[Task prompt] Set down, please, exactly the lines below that run from the line with "0 \<and> integral" to the line with "on every compact", both lines included.

-- Records shown follows --

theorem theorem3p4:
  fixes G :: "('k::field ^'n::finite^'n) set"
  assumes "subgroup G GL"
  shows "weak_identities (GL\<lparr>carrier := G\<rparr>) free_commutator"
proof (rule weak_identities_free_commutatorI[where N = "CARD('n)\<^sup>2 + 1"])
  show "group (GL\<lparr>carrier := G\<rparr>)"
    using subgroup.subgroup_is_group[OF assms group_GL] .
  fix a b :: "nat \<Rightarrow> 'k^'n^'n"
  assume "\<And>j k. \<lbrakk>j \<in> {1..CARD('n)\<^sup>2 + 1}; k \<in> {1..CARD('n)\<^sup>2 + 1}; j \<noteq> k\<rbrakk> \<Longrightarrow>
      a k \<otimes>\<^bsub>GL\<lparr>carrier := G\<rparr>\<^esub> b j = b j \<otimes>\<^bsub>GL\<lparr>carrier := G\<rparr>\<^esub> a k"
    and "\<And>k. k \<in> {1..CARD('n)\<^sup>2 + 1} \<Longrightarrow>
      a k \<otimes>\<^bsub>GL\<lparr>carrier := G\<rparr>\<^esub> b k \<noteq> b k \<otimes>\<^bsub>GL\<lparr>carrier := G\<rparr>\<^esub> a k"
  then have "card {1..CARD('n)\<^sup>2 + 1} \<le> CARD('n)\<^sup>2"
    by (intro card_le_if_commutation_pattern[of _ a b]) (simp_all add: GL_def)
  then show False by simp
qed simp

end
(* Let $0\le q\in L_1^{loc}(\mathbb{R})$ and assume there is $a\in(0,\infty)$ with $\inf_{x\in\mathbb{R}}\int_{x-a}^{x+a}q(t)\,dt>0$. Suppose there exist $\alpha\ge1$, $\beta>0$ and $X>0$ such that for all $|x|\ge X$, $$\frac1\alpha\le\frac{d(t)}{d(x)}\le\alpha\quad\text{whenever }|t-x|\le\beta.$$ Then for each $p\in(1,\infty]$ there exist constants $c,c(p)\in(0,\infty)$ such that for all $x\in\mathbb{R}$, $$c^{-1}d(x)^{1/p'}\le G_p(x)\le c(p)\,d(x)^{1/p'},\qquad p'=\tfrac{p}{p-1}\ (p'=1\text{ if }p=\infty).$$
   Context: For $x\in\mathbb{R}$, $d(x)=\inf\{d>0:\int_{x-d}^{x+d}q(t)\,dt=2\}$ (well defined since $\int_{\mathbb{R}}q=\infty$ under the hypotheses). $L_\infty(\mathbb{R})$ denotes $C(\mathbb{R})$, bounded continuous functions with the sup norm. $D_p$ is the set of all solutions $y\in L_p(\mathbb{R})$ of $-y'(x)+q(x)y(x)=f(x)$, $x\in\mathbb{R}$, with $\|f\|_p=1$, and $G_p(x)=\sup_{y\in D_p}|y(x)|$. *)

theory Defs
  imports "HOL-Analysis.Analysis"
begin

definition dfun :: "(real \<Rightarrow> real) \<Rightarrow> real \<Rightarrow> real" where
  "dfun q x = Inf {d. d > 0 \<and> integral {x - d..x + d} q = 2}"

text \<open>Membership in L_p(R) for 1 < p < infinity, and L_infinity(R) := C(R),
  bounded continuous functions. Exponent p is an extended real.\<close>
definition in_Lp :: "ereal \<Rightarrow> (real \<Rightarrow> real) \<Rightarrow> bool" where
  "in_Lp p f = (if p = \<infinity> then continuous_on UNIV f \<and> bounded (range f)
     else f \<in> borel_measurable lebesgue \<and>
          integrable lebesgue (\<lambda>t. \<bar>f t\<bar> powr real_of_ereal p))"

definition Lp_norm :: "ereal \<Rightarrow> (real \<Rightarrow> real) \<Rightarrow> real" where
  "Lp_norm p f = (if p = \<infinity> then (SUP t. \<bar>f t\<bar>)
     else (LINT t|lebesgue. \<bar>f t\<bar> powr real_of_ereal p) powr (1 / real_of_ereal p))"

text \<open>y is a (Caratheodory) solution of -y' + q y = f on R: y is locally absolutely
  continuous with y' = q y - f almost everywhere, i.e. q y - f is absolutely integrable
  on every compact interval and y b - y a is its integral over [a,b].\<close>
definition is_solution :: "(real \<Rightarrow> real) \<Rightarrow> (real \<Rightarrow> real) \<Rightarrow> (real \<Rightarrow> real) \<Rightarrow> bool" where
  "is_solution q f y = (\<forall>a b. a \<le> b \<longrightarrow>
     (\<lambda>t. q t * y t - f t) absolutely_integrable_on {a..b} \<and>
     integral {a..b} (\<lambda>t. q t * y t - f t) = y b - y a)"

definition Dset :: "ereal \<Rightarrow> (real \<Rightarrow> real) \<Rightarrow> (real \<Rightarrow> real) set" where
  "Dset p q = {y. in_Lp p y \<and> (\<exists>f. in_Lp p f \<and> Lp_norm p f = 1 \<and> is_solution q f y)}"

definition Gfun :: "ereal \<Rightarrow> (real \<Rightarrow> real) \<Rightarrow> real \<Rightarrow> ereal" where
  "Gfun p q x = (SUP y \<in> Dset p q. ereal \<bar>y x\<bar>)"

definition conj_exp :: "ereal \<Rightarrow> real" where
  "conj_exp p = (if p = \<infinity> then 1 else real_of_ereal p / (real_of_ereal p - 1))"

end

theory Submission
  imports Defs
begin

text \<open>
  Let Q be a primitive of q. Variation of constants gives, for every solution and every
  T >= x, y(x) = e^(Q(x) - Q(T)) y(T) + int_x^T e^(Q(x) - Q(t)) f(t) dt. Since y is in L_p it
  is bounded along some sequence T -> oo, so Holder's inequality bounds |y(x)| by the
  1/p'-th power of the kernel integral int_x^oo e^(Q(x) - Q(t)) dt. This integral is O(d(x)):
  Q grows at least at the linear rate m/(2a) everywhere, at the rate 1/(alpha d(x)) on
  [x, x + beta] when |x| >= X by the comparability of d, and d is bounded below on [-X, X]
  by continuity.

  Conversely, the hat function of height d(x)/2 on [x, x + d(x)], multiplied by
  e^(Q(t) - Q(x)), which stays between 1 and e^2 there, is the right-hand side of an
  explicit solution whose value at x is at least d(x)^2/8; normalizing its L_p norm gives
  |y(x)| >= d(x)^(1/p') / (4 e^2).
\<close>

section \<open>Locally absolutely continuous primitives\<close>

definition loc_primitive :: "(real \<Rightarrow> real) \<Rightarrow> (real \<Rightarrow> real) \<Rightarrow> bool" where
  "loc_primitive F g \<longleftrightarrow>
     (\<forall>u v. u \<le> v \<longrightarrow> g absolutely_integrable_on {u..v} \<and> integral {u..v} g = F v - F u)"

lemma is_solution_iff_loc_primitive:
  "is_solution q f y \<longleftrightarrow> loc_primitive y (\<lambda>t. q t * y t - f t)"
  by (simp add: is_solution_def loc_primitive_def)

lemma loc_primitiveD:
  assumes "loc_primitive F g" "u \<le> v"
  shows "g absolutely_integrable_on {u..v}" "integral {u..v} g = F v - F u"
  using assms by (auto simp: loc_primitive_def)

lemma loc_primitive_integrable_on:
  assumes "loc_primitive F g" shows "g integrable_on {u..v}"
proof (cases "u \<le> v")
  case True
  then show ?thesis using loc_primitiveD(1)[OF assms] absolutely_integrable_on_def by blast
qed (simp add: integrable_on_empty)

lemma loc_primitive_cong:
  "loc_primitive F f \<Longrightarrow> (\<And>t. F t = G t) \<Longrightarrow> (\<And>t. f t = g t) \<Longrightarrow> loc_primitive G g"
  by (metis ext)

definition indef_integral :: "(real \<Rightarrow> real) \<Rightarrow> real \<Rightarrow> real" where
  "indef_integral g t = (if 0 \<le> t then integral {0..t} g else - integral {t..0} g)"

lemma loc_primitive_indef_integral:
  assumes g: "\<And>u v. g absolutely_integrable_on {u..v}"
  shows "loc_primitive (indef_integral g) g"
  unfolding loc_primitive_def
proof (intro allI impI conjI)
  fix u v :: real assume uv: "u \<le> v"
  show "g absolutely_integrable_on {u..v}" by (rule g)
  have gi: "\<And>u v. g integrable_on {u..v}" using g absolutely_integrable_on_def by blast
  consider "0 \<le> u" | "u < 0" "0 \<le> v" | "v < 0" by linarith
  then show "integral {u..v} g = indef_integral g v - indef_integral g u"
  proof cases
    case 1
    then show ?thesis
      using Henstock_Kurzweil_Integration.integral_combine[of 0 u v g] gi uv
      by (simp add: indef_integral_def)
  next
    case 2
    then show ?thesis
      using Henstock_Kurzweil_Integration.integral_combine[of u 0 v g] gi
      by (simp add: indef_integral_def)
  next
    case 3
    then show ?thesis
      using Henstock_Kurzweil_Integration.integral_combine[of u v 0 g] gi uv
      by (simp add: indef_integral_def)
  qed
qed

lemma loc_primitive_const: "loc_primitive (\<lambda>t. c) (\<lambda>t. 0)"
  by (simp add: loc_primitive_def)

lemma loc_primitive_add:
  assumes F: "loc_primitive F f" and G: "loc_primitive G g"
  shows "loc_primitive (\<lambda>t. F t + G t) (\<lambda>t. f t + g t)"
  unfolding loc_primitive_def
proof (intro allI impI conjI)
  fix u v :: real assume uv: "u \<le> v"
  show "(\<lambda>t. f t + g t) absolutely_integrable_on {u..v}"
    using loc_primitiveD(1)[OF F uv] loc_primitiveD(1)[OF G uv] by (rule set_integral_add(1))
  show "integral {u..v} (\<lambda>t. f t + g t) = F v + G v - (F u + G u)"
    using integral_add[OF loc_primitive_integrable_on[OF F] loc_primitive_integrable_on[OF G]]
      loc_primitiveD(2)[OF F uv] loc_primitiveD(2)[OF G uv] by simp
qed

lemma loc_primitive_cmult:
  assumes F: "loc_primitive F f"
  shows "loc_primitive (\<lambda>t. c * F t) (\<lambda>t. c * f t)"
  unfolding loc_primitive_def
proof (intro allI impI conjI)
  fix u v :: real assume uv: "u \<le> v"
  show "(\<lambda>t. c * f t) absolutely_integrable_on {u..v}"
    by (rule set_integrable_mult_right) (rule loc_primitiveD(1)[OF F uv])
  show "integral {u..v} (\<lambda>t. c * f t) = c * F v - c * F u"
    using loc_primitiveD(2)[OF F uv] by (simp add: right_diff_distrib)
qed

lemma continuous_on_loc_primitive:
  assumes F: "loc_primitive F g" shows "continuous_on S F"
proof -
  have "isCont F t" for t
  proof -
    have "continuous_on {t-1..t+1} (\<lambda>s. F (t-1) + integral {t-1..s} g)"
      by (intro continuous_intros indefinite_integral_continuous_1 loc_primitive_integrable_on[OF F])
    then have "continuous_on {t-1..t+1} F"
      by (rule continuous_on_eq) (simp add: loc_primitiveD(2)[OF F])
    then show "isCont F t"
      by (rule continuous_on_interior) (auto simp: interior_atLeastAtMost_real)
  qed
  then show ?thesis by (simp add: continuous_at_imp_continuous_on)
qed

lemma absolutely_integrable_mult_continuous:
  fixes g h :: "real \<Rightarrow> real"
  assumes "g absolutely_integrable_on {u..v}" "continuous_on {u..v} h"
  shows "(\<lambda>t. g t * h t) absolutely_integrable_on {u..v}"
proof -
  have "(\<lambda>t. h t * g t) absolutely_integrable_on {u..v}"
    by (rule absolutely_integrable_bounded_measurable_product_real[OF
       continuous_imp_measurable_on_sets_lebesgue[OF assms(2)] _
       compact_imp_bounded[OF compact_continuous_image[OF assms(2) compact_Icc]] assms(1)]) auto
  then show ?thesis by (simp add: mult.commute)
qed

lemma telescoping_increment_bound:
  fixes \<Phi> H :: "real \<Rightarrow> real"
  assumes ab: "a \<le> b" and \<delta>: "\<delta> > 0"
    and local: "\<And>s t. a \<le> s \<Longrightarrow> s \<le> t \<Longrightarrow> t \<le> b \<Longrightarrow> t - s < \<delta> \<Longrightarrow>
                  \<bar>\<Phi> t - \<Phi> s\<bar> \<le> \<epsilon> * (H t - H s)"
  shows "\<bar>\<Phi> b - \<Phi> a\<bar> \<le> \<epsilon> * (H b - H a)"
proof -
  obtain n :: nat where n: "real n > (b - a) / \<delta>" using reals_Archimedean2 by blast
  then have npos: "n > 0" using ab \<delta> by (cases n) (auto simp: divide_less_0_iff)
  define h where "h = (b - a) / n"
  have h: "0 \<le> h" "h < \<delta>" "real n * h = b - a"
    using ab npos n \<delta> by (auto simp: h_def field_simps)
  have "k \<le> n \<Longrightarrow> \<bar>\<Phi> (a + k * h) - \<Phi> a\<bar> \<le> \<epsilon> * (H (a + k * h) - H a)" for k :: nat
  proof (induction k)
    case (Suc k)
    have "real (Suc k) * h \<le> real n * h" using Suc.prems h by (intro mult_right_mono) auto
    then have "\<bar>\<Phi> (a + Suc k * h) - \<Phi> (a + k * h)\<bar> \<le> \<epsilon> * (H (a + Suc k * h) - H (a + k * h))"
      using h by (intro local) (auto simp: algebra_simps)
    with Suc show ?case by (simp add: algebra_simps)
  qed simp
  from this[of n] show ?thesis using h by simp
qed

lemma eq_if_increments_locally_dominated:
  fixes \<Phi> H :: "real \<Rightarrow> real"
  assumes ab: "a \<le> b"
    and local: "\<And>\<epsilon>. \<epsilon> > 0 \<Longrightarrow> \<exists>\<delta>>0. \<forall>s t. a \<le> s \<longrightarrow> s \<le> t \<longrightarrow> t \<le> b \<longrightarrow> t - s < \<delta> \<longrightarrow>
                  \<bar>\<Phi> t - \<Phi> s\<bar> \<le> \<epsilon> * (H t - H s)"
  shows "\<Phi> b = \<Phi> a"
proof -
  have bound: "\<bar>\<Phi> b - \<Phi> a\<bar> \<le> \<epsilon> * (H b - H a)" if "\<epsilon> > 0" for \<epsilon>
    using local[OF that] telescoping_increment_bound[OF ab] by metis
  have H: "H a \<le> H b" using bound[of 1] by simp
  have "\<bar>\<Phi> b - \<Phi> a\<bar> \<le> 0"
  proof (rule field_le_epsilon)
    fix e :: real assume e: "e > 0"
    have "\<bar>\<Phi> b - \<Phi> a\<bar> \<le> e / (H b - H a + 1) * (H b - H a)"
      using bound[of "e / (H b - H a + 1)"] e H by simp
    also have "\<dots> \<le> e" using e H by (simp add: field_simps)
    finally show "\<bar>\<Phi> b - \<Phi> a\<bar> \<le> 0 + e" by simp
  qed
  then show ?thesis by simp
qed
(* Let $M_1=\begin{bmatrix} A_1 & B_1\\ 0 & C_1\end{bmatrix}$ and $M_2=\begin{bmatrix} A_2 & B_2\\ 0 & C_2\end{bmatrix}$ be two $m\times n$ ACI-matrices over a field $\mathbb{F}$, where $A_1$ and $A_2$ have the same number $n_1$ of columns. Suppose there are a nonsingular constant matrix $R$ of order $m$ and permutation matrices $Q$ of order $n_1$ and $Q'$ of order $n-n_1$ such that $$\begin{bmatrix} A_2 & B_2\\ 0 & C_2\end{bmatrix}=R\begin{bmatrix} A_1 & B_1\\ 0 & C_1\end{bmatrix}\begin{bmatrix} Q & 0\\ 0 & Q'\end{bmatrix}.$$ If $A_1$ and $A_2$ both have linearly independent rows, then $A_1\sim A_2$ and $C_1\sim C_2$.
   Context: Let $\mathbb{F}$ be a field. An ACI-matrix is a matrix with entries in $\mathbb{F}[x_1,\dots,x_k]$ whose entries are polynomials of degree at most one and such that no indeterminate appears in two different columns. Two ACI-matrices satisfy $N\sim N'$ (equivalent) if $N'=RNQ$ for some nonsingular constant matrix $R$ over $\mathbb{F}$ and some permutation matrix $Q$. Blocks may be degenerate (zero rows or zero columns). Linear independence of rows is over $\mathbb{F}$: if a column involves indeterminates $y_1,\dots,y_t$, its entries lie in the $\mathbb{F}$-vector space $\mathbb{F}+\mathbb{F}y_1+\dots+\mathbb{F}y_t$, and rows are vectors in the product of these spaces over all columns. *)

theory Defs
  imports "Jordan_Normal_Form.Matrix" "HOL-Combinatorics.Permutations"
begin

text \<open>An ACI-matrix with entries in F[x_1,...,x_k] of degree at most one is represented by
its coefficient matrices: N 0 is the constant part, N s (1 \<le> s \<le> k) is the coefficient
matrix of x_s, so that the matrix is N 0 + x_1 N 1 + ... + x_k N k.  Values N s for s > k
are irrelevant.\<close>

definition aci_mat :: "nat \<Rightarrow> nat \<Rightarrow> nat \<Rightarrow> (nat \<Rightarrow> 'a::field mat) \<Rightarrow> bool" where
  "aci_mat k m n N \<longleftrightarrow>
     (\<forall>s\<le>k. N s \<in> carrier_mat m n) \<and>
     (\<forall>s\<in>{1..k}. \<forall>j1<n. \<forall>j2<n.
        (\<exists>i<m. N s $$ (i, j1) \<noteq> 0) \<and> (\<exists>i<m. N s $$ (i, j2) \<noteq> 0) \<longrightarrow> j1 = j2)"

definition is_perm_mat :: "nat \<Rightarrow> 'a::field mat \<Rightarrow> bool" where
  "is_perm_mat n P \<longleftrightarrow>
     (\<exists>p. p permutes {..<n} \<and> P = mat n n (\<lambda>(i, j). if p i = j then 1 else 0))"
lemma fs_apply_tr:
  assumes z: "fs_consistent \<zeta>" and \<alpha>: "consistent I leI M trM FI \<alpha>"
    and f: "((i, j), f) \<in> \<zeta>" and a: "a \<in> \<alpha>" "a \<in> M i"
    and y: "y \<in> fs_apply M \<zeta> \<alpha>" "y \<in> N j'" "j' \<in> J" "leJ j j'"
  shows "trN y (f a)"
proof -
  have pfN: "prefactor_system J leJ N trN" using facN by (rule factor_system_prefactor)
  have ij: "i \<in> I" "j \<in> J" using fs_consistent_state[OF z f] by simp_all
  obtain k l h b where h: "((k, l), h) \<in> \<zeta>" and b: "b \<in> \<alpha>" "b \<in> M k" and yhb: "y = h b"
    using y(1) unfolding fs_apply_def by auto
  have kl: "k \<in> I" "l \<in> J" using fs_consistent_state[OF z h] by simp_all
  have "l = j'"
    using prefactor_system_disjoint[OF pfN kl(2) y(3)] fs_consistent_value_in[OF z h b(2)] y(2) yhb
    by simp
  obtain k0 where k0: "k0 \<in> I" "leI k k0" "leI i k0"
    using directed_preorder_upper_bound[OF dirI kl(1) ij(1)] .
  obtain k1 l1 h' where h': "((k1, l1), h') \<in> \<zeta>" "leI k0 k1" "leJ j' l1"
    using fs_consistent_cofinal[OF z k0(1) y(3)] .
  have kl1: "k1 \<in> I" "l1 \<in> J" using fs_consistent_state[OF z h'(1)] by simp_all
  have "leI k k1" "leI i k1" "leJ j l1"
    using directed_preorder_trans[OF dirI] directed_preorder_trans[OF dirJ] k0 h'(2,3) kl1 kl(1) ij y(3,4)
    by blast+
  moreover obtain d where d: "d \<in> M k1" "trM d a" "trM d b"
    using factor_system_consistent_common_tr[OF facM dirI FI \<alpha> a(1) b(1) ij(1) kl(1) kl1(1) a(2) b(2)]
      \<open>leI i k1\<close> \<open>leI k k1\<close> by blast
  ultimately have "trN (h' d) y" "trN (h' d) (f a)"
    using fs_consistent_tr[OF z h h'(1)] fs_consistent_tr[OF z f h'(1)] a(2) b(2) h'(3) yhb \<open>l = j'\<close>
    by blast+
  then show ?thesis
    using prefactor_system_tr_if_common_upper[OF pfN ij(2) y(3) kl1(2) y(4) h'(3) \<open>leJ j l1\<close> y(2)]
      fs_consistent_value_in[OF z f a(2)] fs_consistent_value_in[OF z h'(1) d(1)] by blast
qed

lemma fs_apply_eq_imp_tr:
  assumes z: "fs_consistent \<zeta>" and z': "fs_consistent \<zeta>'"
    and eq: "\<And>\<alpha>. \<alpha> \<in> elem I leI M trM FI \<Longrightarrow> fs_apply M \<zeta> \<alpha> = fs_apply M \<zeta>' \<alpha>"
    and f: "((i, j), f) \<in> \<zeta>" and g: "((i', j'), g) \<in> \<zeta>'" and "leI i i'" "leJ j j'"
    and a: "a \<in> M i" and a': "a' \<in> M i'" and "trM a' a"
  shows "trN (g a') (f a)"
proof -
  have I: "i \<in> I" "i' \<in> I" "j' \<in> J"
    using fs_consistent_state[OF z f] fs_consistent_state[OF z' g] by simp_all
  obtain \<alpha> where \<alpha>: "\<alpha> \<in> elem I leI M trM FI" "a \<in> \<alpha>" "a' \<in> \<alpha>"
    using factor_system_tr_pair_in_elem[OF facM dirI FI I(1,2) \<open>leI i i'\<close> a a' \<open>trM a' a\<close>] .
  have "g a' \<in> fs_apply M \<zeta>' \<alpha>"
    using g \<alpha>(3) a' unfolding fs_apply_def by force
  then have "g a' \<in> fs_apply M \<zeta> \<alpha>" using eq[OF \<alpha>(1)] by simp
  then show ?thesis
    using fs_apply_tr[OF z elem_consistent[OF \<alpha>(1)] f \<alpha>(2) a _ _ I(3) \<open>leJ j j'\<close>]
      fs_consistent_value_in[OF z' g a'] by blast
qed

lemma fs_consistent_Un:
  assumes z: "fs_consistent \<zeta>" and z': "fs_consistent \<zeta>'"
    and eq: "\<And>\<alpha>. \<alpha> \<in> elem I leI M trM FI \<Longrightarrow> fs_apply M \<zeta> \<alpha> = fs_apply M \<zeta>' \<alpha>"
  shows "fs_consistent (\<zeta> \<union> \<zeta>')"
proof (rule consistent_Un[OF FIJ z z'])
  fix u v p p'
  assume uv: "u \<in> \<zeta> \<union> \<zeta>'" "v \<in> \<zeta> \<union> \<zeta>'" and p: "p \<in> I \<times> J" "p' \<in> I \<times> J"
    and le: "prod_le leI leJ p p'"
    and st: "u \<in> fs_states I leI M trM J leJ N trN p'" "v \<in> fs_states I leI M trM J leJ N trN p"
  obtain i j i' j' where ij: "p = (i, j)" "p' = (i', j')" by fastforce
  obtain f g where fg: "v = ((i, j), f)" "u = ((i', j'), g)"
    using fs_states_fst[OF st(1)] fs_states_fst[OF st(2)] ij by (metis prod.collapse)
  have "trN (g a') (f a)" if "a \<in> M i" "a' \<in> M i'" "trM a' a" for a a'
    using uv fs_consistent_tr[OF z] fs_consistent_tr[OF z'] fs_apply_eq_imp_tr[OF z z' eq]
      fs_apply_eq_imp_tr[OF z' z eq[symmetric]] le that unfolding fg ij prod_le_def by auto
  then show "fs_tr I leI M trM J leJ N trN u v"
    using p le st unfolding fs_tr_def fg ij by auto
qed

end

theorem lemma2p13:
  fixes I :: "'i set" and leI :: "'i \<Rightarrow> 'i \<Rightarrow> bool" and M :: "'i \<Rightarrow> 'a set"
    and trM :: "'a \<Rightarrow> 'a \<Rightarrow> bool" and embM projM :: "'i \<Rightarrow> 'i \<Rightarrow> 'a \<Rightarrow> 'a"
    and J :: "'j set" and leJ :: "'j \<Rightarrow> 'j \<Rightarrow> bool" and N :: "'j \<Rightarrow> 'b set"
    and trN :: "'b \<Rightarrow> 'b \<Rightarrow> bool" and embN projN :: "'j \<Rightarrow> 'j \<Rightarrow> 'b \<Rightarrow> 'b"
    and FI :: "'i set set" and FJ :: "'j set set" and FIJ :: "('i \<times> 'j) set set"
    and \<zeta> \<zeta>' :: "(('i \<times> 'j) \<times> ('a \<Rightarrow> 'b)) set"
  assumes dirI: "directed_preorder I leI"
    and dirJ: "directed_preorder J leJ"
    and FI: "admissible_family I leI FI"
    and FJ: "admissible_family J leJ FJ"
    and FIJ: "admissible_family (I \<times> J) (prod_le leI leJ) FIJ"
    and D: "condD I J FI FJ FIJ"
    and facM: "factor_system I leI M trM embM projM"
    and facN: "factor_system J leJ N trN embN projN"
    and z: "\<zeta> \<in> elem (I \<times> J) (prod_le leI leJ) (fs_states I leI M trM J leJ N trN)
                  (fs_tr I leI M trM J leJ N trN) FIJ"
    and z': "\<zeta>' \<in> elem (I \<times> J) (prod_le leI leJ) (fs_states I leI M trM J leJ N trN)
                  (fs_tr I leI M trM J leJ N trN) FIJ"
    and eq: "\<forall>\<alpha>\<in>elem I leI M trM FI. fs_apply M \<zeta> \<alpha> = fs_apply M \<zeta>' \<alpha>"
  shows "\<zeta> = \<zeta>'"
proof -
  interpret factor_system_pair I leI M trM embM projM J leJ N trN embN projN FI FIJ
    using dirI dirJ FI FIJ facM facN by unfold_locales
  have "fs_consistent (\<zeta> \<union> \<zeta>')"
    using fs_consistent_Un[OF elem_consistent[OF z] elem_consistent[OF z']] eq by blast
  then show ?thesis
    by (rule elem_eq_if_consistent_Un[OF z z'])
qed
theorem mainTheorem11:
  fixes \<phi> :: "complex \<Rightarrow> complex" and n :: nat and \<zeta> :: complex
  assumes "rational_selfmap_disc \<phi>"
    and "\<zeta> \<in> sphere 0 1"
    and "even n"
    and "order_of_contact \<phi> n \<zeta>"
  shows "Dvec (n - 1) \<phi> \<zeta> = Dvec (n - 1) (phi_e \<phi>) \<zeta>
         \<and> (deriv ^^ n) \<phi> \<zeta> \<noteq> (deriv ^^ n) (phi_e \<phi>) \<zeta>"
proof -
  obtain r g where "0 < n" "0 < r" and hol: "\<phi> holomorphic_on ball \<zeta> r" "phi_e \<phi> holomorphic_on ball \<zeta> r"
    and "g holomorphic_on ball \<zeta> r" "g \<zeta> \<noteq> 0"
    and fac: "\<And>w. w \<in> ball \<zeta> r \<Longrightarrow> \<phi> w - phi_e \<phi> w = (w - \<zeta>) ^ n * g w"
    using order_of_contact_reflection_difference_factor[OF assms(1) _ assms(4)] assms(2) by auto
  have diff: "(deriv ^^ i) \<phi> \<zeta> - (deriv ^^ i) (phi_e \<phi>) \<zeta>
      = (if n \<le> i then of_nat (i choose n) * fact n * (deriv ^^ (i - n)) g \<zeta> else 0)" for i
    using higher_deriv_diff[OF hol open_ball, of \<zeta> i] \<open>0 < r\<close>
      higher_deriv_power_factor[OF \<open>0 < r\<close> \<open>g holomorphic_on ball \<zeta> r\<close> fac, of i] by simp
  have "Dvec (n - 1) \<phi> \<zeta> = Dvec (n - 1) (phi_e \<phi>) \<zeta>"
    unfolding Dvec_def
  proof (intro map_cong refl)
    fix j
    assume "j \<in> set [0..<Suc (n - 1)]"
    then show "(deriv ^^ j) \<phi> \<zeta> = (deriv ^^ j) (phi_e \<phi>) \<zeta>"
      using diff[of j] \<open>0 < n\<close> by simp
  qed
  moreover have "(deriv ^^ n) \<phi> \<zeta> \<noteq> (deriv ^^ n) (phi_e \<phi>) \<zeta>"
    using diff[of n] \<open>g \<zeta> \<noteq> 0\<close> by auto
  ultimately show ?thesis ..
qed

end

-- Records shown concluded --

[Answer to the problem]
  "dfun q x = Inf {d. d > 0 \<and> integral {x - d..x + d} q = 2}"

text \<open>Membership in L_p(R) for 1 < p < infinity, and L_infinity(R) := C(R),
  bounded continuous functions. Exponent p is an extended real.\<close>
definition in_Lp :: "ereal \<Rightarrow> (real \<Rightarrow> real) \<Rightarrow> bool" where
  "in_Lp p f = (if p = \<infinity> then continuous_on UNIV f \<and> bounded (range f)
     else f \<in> borel_measurable lebesgue \<and>
          integrable lebesgue (\<lambda>t. \<bar>f t\<bar> powr real_of_ereal p))"

definition Lp_norm :: "ereal \<Rightarrow> (real \<Rightarrow> real) \<Rightarrow> real" where
  "Lp_norm p f = (if p = \<infinity> then (SUP t. \<bar>f t\<bar>)
     else (LINT t|lebesgue. \<bar>f t\<bar> powr real_of_ereal p) powr (1 / real_of_ereal p))"

text \<open>y is a (Caratheodory) solution of -y' + q y = f on R: y is locally absolutely
  continuous with y' = q y - f almost everywhere, i.e. q y - f is absolutely integrable
  on every compact interval and y b - y a is its integral over [a,b].\<close>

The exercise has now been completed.